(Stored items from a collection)
******************************

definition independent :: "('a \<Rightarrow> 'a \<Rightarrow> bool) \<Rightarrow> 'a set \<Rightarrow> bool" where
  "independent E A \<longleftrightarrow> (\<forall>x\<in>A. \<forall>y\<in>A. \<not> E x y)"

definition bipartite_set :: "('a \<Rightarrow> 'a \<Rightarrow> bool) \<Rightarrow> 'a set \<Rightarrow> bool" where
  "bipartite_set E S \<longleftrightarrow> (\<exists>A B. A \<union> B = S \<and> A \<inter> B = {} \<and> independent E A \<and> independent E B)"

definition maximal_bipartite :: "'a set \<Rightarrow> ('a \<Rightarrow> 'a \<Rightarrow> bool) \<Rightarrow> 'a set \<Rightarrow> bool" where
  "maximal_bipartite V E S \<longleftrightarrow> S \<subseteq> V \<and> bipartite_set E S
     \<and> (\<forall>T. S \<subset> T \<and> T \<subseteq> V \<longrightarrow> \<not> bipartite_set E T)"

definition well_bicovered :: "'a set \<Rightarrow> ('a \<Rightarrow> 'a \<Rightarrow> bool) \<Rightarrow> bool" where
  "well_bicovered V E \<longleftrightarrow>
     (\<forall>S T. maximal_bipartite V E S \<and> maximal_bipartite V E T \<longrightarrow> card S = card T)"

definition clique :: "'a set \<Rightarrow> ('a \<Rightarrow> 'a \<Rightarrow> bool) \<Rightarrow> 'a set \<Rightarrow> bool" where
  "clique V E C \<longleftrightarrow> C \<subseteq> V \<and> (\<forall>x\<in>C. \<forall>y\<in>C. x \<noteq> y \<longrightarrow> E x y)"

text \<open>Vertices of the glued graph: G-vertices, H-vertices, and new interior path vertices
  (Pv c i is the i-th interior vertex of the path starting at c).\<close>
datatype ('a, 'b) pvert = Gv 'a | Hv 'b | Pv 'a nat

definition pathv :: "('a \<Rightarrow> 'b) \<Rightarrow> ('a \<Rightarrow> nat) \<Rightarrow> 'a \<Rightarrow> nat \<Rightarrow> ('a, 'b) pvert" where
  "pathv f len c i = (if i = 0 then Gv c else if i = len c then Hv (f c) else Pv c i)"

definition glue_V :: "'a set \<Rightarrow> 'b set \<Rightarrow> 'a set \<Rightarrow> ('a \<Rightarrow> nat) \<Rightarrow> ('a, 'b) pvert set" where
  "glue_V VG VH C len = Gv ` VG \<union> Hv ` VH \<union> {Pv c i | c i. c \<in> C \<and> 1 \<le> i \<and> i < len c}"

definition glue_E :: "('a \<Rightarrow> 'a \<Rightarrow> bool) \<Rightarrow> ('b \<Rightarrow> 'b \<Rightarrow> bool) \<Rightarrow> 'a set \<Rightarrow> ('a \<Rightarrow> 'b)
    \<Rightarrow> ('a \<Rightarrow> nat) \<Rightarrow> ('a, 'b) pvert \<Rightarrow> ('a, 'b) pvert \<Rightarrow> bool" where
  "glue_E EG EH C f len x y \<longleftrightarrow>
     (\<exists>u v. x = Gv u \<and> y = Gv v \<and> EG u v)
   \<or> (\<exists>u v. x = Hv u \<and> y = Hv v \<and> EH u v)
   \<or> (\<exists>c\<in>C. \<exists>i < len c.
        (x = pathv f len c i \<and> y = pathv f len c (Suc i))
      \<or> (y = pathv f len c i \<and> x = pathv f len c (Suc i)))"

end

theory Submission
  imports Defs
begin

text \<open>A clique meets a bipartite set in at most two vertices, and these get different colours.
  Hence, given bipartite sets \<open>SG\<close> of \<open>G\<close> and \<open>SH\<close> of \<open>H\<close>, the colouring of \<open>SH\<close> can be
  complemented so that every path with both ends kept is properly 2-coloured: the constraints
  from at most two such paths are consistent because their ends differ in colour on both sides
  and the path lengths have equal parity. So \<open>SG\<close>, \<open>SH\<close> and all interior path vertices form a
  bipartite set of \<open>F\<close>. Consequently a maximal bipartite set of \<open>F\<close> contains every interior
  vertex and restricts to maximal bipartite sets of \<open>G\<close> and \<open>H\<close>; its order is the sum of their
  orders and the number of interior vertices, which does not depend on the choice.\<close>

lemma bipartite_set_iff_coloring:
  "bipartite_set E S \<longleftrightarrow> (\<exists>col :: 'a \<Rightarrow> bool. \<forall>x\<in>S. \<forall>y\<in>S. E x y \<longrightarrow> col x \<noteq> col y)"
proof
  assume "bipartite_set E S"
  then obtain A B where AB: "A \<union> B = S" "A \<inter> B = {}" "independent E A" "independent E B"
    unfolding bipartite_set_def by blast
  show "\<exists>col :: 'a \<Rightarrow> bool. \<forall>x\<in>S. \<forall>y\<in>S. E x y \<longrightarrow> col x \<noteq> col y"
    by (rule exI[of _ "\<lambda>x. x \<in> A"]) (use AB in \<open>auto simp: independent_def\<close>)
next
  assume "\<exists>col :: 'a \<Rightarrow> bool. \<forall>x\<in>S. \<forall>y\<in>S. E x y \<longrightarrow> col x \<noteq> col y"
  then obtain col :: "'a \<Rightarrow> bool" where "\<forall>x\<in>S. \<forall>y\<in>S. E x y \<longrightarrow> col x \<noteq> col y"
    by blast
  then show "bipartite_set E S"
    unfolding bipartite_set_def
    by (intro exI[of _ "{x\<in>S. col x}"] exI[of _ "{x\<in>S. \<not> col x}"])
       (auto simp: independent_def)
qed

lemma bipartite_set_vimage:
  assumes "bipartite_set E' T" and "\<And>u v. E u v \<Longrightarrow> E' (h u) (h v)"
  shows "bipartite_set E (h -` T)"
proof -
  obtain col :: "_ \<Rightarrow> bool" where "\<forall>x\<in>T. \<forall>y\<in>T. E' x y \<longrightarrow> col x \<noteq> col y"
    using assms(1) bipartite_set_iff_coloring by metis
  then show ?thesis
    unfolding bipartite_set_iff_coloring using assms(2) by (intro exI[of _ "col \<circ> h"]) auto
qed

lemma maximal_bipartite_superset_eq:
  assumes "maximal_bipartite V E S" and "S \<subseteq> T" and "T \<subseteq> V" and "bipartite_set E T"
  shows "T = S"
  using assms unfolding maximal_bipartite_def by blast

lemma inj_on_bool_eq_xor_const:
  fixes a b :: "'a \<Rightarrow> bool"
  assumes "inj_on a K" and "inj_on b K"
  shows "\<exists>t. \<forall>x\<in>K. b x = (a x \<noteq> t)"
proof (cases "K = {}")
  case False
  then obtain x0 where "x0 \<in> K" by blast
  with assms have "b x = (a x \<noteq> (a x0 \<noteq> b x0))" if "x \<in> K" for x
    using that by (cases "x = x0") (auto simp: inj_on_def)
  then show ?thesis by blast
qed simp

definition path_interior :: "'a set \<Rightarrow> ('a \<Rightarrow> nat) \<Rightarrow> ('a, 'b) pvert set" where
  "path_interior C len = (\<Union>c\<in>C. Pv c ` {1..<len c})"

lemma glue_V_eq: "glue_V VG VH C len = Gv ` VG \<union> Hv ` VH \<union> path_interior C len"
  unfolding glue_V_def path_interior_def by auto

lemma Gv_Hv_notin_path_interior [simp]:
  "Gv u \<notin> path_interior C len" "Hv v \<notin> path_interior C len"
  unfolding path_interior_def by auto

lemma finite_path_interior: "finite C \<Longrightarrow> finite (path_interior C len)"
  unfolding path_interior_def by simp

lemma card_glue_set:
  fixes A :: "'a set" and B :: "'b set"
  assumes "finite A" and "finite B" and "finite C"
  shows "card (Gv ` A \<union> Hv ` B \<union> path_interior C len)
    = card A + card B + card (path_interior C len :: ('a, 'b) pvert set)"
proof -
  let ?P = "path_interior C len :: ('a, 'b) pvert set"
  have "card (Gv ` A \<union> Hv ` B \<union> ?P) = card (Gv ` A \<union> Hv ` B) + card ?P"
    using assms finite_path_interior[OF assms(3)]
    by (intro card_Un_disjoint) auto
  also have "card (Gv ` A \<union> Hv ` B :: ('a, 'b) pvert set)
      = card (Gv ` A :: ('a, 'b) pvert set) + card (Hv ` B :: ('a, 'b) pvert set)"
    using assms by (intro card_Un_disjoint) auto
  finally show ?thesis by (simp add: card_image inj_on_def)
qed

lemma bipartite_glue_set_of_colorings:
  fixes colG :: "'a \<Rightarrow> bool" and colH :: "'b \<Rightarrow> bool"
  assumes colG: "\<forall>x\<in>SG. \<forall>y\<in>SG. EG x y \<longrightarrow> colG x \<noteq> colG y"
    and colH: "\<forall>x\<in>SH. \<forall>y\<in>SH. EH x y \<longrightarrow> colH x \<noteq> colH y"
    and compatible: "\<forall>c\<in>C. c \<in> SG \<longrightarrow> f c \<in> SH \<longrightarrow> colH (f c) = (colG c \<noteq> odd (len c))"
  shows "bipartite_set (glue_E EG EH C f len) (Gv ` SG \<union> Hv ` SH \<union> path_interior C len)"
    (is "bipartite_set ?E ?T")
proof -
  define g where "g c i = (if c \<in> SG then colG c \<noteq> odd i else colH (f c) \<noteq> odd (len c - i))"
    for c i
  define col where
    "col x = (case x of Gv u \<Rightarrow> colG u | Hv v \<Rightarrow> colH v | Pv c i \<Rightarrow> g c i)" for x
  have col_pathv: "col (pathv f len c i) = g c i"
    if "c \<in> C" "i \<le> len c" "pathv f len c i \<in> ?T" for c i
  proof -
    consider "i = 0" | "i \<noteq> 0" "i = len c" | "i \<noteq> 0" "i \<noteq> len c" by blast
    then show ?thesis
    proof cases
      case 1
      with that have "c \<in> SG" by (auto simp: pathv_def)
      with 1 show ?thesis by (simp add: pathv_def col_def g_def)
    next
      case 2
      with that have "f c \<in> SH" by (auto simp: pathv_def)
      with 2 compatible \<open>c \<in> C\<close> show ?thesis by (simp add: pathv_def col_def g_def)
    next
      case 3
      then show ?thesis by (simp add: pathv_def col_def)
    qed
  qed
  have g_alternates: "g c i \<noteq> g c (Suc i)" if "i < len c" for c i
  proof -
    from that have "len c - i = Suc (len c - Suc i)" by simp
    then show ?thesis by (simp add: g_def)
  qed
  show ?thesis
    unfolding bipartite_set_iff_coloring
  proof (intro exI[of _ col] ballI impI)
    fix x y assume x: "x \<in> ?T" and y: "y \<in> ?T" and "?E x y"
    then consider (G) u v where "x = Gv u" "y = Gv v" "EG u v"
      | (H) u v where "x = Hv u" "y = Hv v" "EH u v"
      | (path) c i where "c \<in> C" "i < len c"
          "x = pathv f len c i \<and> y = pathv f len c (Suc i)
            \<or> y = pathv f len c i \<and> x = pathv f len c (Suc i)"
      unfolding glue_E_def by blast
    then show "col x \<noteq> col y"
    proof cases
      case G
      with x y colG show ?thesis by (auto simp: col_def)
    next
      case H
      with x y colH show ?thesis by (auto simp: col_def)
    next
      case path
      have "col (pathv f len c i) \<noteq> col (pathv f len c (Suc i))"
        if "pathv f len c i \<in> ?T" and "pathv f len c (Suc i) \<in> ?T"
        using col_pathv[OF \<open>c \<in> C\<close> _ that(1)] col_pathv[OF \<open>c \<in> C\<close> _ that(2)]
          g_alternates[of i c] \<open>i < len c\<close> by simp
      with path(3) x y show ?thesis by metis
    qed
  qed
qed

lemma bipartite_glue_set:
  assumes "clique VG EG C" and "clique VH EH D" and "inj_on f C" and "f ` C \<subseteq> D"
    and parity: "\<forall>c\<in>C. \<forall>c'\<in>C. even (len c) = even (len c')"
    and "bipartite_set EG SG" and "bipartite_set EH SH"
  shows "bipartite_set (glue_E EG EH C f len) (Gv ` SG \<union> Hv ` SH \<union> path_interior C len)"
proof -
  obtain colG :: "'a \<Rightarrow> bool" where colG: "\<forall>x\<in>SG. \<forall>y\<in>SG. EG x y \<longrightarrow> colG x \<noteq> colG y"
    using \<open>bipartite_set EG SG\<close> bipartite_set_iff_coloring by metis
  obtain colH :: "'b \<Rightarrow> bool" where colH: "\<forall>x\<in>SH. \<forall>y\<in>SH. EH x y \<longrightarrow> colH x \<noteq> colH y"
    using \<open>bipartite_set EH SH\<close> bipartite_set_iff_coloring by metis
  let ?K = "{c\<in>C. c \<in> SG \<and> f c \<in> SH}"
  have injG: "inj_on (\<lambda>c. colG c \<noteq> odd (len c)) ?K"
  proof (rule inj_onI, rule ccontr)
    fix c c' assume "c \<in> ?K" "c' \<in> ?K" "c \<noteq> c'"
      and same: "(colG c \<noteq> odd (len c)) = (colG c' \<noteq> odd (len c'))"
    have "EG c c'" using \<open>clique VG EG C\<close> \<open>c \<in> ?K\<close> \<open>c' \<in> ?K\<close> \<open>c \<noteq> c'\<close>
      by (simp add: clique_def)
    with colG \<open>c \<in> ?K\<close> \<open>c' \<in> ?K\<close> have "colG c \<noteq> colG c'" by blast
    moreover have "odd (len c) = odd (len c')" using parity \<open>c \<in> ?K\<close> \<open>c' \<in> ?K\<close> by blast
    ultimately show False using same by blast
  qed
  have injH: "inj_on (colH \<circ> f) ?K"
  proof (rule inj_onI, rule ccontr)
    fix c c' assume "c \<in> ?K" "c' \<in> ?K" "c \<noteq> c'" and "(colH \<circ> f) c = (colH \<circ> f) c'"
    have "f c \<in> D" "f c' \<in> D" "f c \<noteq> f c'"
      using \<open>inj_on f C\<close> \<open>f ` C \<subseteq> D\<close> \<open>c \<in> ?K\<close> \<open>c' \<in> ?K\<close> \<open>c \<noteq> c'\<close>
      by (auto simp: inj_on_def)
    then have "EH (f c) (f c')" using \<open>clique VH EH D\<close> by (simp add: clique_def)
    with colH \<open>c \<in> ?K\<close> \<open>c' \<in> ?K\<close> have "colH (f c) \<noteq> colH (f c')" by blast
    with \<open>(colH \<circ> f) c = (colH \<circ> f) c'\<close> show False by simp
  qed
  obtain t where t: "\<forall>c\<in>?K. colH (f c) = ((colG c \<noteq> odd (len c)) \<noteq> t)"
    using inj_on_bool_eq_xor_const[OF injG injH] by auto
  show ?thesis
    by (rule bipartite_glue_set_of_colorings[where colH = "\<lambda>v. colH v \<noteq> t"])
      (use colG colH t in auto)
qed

******************************

* What to produce
Pull every line containing "with" out of the entries.

* Task response
  complemented so that every path with both ends kept is properly 2-coloured: the constraints
  with assms have "b x = (a x \<noteq> (a x0 \<noteq> b x0))" if "x \<in> K" for x
      with that have "c \<in> SG" by (auto simp: pathv_def)
      with 1 show ?thesis by (simp add: pathv_def col_def g_def)
      with that have "f c \<in> SH" by (auto simp: pathv_def)
      with 2 compatible \<open>c \<in> C\<close> show ?thesis by (simp add: pathv_def col_def g_def)
      with x y colG show ?thesis by (auto simp: col_def)
      with x y colH show ?thesis by (auto simp: col_def)
      with path(3) x y show ?thesis by metis
    with colG \<open>c \<in> ?K\<close> \<open>c' \<in> ?K\<close> have "colG c \<noteq> colG c'" by blast
    with colH \<open>c \<in> ?K\<close> \<open>c' \<in> ?K\<close> have "colH (f c) \<noteq> colH (f c')" by blast
    with \<open>(colH \<circ> f) c = (colH \<circ> f) c'\<close> show False by simp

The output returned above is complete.